Последней бланкой оказывается Коса: верный вестник грядущей беды.
Её удел — злосчастья. Вызовы и удары, жестокость, зубная боль и глаза непреклонные — обязательно светлые.
Несчастный случай, увечье, авария, ссора, спор до драки — всё это Коса и лихо рядом с нею. Если она вдали от карты кверента — то просит не рисковать, избегать и не форсить.
Если совсем рядом — внезапный выход из безвыходной ситуации, потаённая дверца в тупике, молния и озарение — почти что смерть.
— Понял, что показали бланки? Имеешь знание? — спросила бабушка, складывая плед уголок на уголок, в четыре раза. В квартире было тихо и тепло. Пахло цветами, апельсинами, пряниками и хвоей, пробивался запах мастики.
— Ничего нового, — раздумчиво ответил я. Разве что открыли Книгу. Но тоже мне новая новина…, будто в жэк сходили…
— Ты, я понимаю, всегда в жэке маеш разговоры с кролями? — невозмутимо спросила бабушка.
— Ну, кроли мне кран не чинили… — ответил я. — Что там говорить про бланки… Ожидание, праздник, выбор, препятствие, тайна и на закуску — не рискуйте. Ничего конкретного. Вход-выход… Где знание?…
— Ты таки не дорос, да! — высокомерно заявила бабушка. — А я ждала…
— У нас в классе есть и пониже, — обидчиво заметил я.
— Ты вот послушай, скажу я, — и бабушка начала перематывать спутанные клубки. — Мы все приложили старания, кто какие смог, и узнали, что на свенте-празднике будет у тебя ризыкова ситуация, далее выбор и откроется тайна, не без перешкоды[100]. Но ты того ждёшь, и это верно. И выход раптовый, чили вход… Такое.
— Чудовное веселье! Все входят, выходят, ещё и с угрозами — это первый трамвай какой-то.
— Всякий видит своё, — равнодушно отметила бабушка. — Крот — нору.
— Да, но мы ничего не знаем про угрозу, знаем только, что она будет… — сказал я, оправдываясь.
— Только… — фыркнула бабушка. — Только… Многие из людей не знают и трети тего.
— И спят спокойно… — продолжил я.
— В земле сырой, — закончила бабушка. Она смотала клубки, положила их в корзинку с крышкой и убрала корзинку в тумбу под телевизором.
Я в это время переодевал обратно вывернутые вещи.
«Слава Богу, не побили»… Одевшись, передёргиваюсь — за стеной наша соседка жадно глотает но-шпу, корчась от почечной колики… Дела ее очень плохи.

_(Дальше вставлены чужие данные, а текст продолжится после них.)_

definition g_act :: "real \<Rightarrow> real \<Rightarrow> real \<Rightarrow> real \<Rightarrow> real \<Rightarrow> real" where
  "g_act xT kon koff u x1 = (u + kon) * (xT - x1) - koff * x1"

definition g_inh :: "real \<Rightarrow> real \<Rightarrow> real \<Rightarrow> real \<Rightarrow> real \<Rightarrow> real" where
  "g_inh xT kon koff u x1 = kon * (xT - x1) - (u + koff) * x1"

end

theory Submission
  imports Defs
begin

text \<open>Differentiating the steady-state identity F(x*(u), u) = 0 gives the linear system
  (\<partial>F/\<partial>x) x*' = -(\<partial>g/\<partial>u) e_1 with \<partial>F/\<partial>x = J* + (\<partial>g/\<partial>x_1) e_11.
  All three control terms have the form a + b u + c x_1 + d u x_1, so both partial
  derivatives of g are explicit. By Cramer's rule x_j*' is a quotient of determinants whose
  numerator has a multiple of e_1 as its j-th column; expanding along that column leaves the
  signed minor (1, j), which is blind to the rank-one correction in position (1, 1).\<close>

definition det_on :: "'a set \<Rightarrow> ('a \<Rightarrow> 'a \<Rightarrow> real) \<Rightarrow> real" where
  "det_on S M = (\<Sum>p | p permutes S. of_int (sign p) * (\<Prod>i\<in>S. M i (p i)))"

lemma det_eq_det_on: "det (A::real^'n^'n) = det_on UNIV (\<lambda>i k. A$i$k)"
  by (simp add: det_def det_on_def)

lemma det_nat_eq_det_on: "det_nat m M = det_on {1..m} M"
  by (simp add: det_nat_def det_on_def)

lemma det_on_cong:
  assumes "\<And>a b. a \<in> S \<Longrightarrow> b \<in> S \<Longrightarrow> M a b = M' a b"
  shows "det_on S M = det_on S M'"
  unfolding det_on_def
  using assms permutes_in_image by (intro sum.cong prod.cong) fastforce+

lemma det_on_reindex:
  assumes h: "bij_betw h S T" and fin: "finite S"
  shows "det_on T M = det_on S (\<lambda>a b. M (h a) (h b))"
proof -
  let ?lift = "\<lambda>\<pi> x. if x \<in> T then h (\<pi> (inv_into S h x)) else x"
  have hS: "h ` S = T" and inj: "inj_on h S" using h by (auto simp: bij_betw_def)
  have "det_on T M = (\<Sum>\<pi> | \<pi> permutes S. of_int (sign (?lift \<pi>)) * (\<Prod>i\<in>T. M i (?lift \<pi> i)))"
    unfolding det_on_def by (rule sum.reindex_bij_betw[OF bij_betw_permutations[OF h], symmetric])
  also have "\<dots> = det_on S (\<lambda>a b. M (h a) (h b))"
    unfolding det_on_def
  proof (rule sum.cong[OF refl])
    fix \<pi> assume "\<pi> \<in> {\<pi>. \<pi> permutes S}"
    then have \<pi>: "\<pi> permutes S" by simp
    have "?lift \<pi> = map_permutation S h \<pi>"
      by (simp add: map_permutation_def restrict_id_def hS fun_eq_iff)
    then have sign_lift: "sign (?lift \<pi>) = sign \<pi>"
      using sign_map_permutation[OF inj \<pi> fin] by simp
    have "(\<Prod>i\<in>T. M i (?lift \<pi> i)) = (\<Prod>a\<in>S. M (h a) (?lift \<pi> (h a)))"
      by (rule prod.reindex_bij_betw[OF h, symmetric])
    also have "\<dots> = (\<Prod>a\<in>S. M (h a) (h (\<pi> a)))"
      using inj hS by (intro prod.cong) (auto simp: inv_into_f_f)
    finally show "of_int (sign (?lift \<pi>)) * (\<Prod>i\<in>T. M i (?lift \<pi> i)) =
        of_int (sign \<pi>) * (\<Prod>a\<in>S. M (h a) (h (\<pi> a)))"
      using sign_lift by simp
  qed
  finally show ?thesis .
qed

lemma det_on_permute_columns:
  assumes \<sigma>: "\<sigma> permutes S" and fin: "finite S"
  shows "det_on S M = of_int (sign \<sigma>) * det_on S (\<lambda>a b. M a (\<sigma> b))"
proof -
  have "det_on S M = (\<Sum>p | p permutes S. of_int (sign (\<sigma> \<circ> p)) * (\<Prod>i\<in>S. M i ((\<sigma> \<circ> p) i)))"
    unfolding det_on_def by (rule setum_permutations_compose_left[OF \<sigma>])
  also have "\<dots> = (\<Sum>p | p permutes S. of_int (sign \<sigma>) * (of_int (sign p) * (\<Prod>i\<in>S. M i (\<sigma> (p i)))))"
  proof (rule sum.cong[OF refl])
    fix p assume "p \<in> {p. p permutes S}"
    then have "permutation \<sigma>" "permutation p" using \<sigma> fin permutation_permutes by blast+
    then show "of_int (sign (\<sigma> \<circ> p)) * (\<Prod>i\<in>S. M i ((\<sigma> \<circ> p) i)) =
        of_int (sign \<sigma>) * (of_int (sign p) * (\<Prod>i\<in>S. M i (\<sigma> (p i))))"
      by (simp add: sign_compose)
  qed
  also have "\<dots> = of_int (sign \<sigma>) * det_on S (\<lambda>a b. M a (\<sigma> b))"
    unfolding det_on_def by (simp add: sum_distrib_left)
  finally show ?thesis .
qed

lemma det_on_single_entry_column:
  assumes fin: "finite S" and r: "r \<in> S" and zero: "\<And>i. i \<in> S \<Longrightarrow> i \<noteq> r \<Longrightarrow> M i r = 0"
  shows "det_on S M = M r r * det_on (S - {r}) M"
proof -
  let ?term = "\<lambda>p. of_int (sign p) * (\<Prod>i\<in>S. M i (p i))"
  have vanish: "?term p = 0" if "p permutes S" "\<not> p permutes (S - {r})" for p
  proof -
    have "p r \<noteq> r"
      using that by (metis Diff_iff permutes_superset singleton_iff)
    define i where "i = inv p r"
    have "p i = r" unfolding i_def using permutes_inverses(1)[OF that(1)] by simp
    have "i \<in> S" unfolding i_def using permutes_in_image[OF permutes_inv[OF that(1)]] r by simp
    have "M i (p i) = 0" using zero[OF \<open>i \<in> S\<close>] \<open>p i = r\<close> \<open>p r \<noteq> r\<close> by metis
    with \<open>i \<in> S\<close> fin show ?thesis by auto
  qed
  have "det_on S M = (\<Sum>p | p permutes (S - {r}). ?term p)"
    unfolding det_on_def
    using vanish fin by (intro sum.mono_neutral_right) (auto intro: permutes_subset finite_permutations)
  also have "\<dots> = M r r * det_on (S - {r}) M"
    unfolding det_on_def sum_distrib_left
  proof (rule sum.cong[OF refl])
    fix p assume "p \<in> {p. p permutes S - {r}}"
    then have "p r = r" by (simp add: permutes_not_in)
    then show "?term p = M r r * (of_int (sign p) * (\<Prod>i\<in>S - {r}. M i (p i)))"
      using prod.remove[OF fin r, of "\<lambda>i. M i (p i)"] by simp
  qed
  finally show ?thesis .
qed

definition cycle_to_front :: "nat \<Rightarrow> nat \<Rightarrow> nat" where
  "cycle_to_front j b = (if b = 1 then j else if 2 \<le> b \<and> b \<le> j then b - 1 else b)"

Кто-то надрывно кричит, очень далеко, наверное в соседнем доме.
«Рак, — вдруг понял я. — У него рак, уж очень ему больно, а он пьет, думает, что от водки станет легче… и печенка уже просто в легком — так разрослась…» Начали доноситься другие мысли и голоса, и все они были о болезнях, смерти, чьих-то кошмарах. Сквозь половицы темно-серыми струйками дыма полезли Гости, формируясь в призрачные фигуры, печально глядели они на меня и шептали-шептали-шептали, оглядываясь и жестикулируя.

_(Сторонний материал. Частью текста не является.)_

text \<open>With \<open>b = quot_coeff a \<xi> k\<close>: \<open>a i = b (i - 1) - \<xi> * b i\<close> for \<open>i > 0\<close> and
  \<open>a 0 = P \<xi> - \<xi> * b 0\<close>.\<close>
lemma coeff_le_quot_coeff:
  assumes "i \<le> k" "1 \<le> k" and small: "\<bar>poly_val a \<xi> k\<bar> \<le> \<bar>real_of_int (a i)\<bar> / 2"
    and B: "\<forall>r<k. \<bar>quot_coeff a \<xi> k r\<bar> \<le> B"
  shows "\<bar>real_of_int (a i)\<bar> \<le> 2 * (1 + \<bar>\<xi>\<bar>) * B"
proof -
  have B0: "0 \<le> B" using B \<open>1 \<le> k\<close> abs_ge_zero[of "quot_coeff a \<xi> k 0"] by force
  have bound: "\<bar>\<xi> * quot_coeff a \<xi> k r\<bar> \<le> \<bar>\<xi>\<bar> * B" for r
    using B B0 quot_coeff_eq_0[of k r] by (cases "r < k") (auto simp: abs_mult mult_left_mono)
  show ?thesis
  proof (cases "i = 0")
    case True
    have "\<bar>real_of_int (a 0)\<bar> \<le> \<bar>poly_val a \<xi> k\<bar> + \<bar>\<xi> * quot_coeff a \<xi> k 0\<bar>"
      using poly_val_eq_quot_coeff_0[of a \<xi> k] by linarith
    moreover have "\<bar>real_of_int (a 0)\<bar> / 2 + \<bar>\<xi>\<bar> * B \<le> \<bar>real_of_int (a 0)\<bar> / 2 + (1 + \<bar>\<xi>\<bar>) * B"
      using B0 by (simp add: algebra_simps)
    ultimately show ?thesis using small bound[of 0] unfolding True by linarith
  next
    case False
    then have "\<bar>real_of_int (a i)\<bar> \<le> \<bar>quot_coeff a \<xi> k (i - 1)\<bar> + \<bar>\<xi> * quot_coeff a \<xi> k i\<bar>"
      using quot_coeff_pred[of i k a \<xi>] assms(1) by linarith
    moreover have "\<bar>quot_coeff a \<xi> k (i - 1)\<bar> \<le> B" using B False assms(1) by auto
    moreover have "B + \<bar>\<xi>\<bar> * B \<le> 2 * (1 + \<bar>\<xi>\<bar>) * B" using B0 by (simp add: algebra_simps)
    ultimately show ?thesis using bound[of i] by linarith
  qed
qed

section \<open>Conditioning of banded Toeplitz systems\<close>

definition toeplitz_stable :: "(nat \<Rightarrow> real) \<Rightarrow> nat \<Rightarrow> nat \<Rightarrow> nat set \<Rightarrow> real \<Rightarrow> real \<Rightarrow> bool" where
  "toeplitz_stable b n k F C H \<longleftrightarrow> (\<forall>g e d. 0 \<le> e \<longrightarrow> 0 \<le> d \<longrightarrow> (\<forall>l\<in>F. \<bar>g l\<bar> \<le> e) \<longrightarrow>
     (\<forall>j<Suc n - k. \<bar>\<Sum>r<k. b r * g (j + r)\<bar> \<le> d) \<longrightarrow> (\<forall>l<n. \<bar>g l\<bar> \<le> C * (e + d / H)))"

lemma toeplitz_stableI:
  assumes "\<And>g e d l. 0 \<le> e \<Longrightarrow> 0 \<le> d \<Longrightarrow> \<forall>l\<in>F. \<bar>g l\<bar> \<le> e \<Longrightarrow>
      \<forall>j<Suc n - k. \<bar>\<Sum>r<k. b r * g (j + r)\<bar> \<le> d \<Longrightarrow> l < n \<Longrightarrow> \<bar>g l\<bar> \<le> C * (e + d / H)"
  shows "toeplitz_stable b n k F C H"
  using assms unfolding toeplitz_stable_def by blast

lemma toeplitz_stableD:
  assumes "toeplitz_stable b n k F C H" "0 \<le> e" "0 \<le> d" "\<forall>l\<in>F. \<bar>g l\<bar> \<le> e"
    "\<forall>j<Suc n - k. \<bar>\<Sum>r<k. b r * g (j + r)\<bar> \<le> d" "l < n"
  shows "\<bar>g l\<bar> \<le> C * (e + d / H)"
  using assms unfolding toeplitz_stable_def by blast

lemma toeplitz_stable_mono:
  assumes "toeplitz_stable b n k F C H" "C \<le> C'" "0 < H"
  shows "toeplitz_stable b n k F C' H"
proof (rule toeplitz_stableI)
  fix g e d l
  assume "0 \<le> e" "0 \<le> d" "\<forall>l\<in>F. \<bar>g l\<bar> \<le> e" "\<forall>j<Suc n - k. \<bar>\<Sum>r<k. b r * g (j + r)\<bar> \<le> d" "l < n"
  then have "\<bar>g l\<bar> \<le> C * (e + d / H)" by (rule toeplitz_stableD[OF assms(1)])
  also have "\<dots> \<le> C' * (e + d / H)" using assms(2,3) \<open>0 \<le> e\<close> \<open>0 \<le> d\<close> by (intro mult_right_mono) auto
  finally show "\<bar>g l\<bar> \<le> C' * (e + d / H)" .
qed

lemma toeplitz_stable_rescale:
  assumes "toeplitz_stable b n k F C B" "0 \<le> C" "0 < H" "0 < B" "H \<le> Z * B" "1 \<le> Z"
  shows "toeplitz_stable b n k F (C * Z) H"
proof (rule toeplitz_stableI)
  fix g e d l
  assume e0: "0 \<le> e" and d0: "0 \<le> d" and "\<forall>l\<in>F. \<bar>g l\<bar> \<le> e"
    "\<forall>j<Suc n - k. \<bar>\<Sum>r<k. b r * g (j + r)\<bar> \<le> d" "l < n"
  then have "\<bar>g l\<bar> \<le> C * (e + d / B)" by (rule toeplitz_stableD[OF assms(1)])
  also have "\<dots> \<le> C * (Z * (e + d / H))"
  proof (intro mult_left_mono)
    have "d * H \<le> d * (Z * B)" using assms(5) d0 by (intro mult_left_mono)
    then have "d / B \<le> Z * (d / H)" using assms(3,4) by (simp add: field_simps)
    moreover have "e \<le> Z * e" using assms(6) e0 by (simp add: mult_le_cancel_right1)
    ultimately show "e + d / B \<le> Z * (e + d / H)" by (simp add: algebra_simps)
  qed (rule assms(2))
  finally show "\<bar>g l\<bar> \<le> C * Z * (e + d / H)" by (simp add: mult_ac)
qed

Я с размаху сел на пол, закрыл уши руками и раскачиваясь, заверещал:
— Нет-нет-нет!!! Прочь, идите вон!!! Не хочу ничего слышать. Не хочу. Я маленький…
— Конкретное… Матер долороза, — сказала бабушка укоризненно. — Нету в мире ничего конкретного, Лесик. То так люди, э-э-э договорились, как говорит твоя мама.
Она подошла, поставила меня на ноги и, что-то нашептывая, провела рукой сначала возле лица, затем повернула меня и с силой начала тереть спину, ноги, будто смахивала пыль.
Голоса стихли. Не до конца, правда…
— Хорошо, — сказал я, убрав руки. — Ничего не слышно. Почти.
— Ну, я довольна, — заявила бабушка и перекрестилась. — Хвала Богу. Он тебя не покинул.
— Да? — спросил я подозрительно. — И как вы это обнаружили?
Можешь чувствовать боль… — ответила она, тщательно споласкивая руки.
От воды валил пар, бабушка натирала пальцы чёрным, резко пахнущим розмарином брусочком мыла.
Бабушка всегда тщательно вымывала руки, мыля их по три, четыре, а то и пять раз, и самое главное — всегда долго трепыхала в воздухе растопыренными пальцами, подняв ладони вверх — акушерская привычка… Такое.
— Так это безусловно, — заметил я, поправляя половичок, — с рождения. Реакция нервов… рефлексы там, ну я про это читал.
Бабушка прикрутила кран, обернула мыло в суконку и спрятала в ящик. Потрепыхала пальцами, вытерла руки большим зеленым платком.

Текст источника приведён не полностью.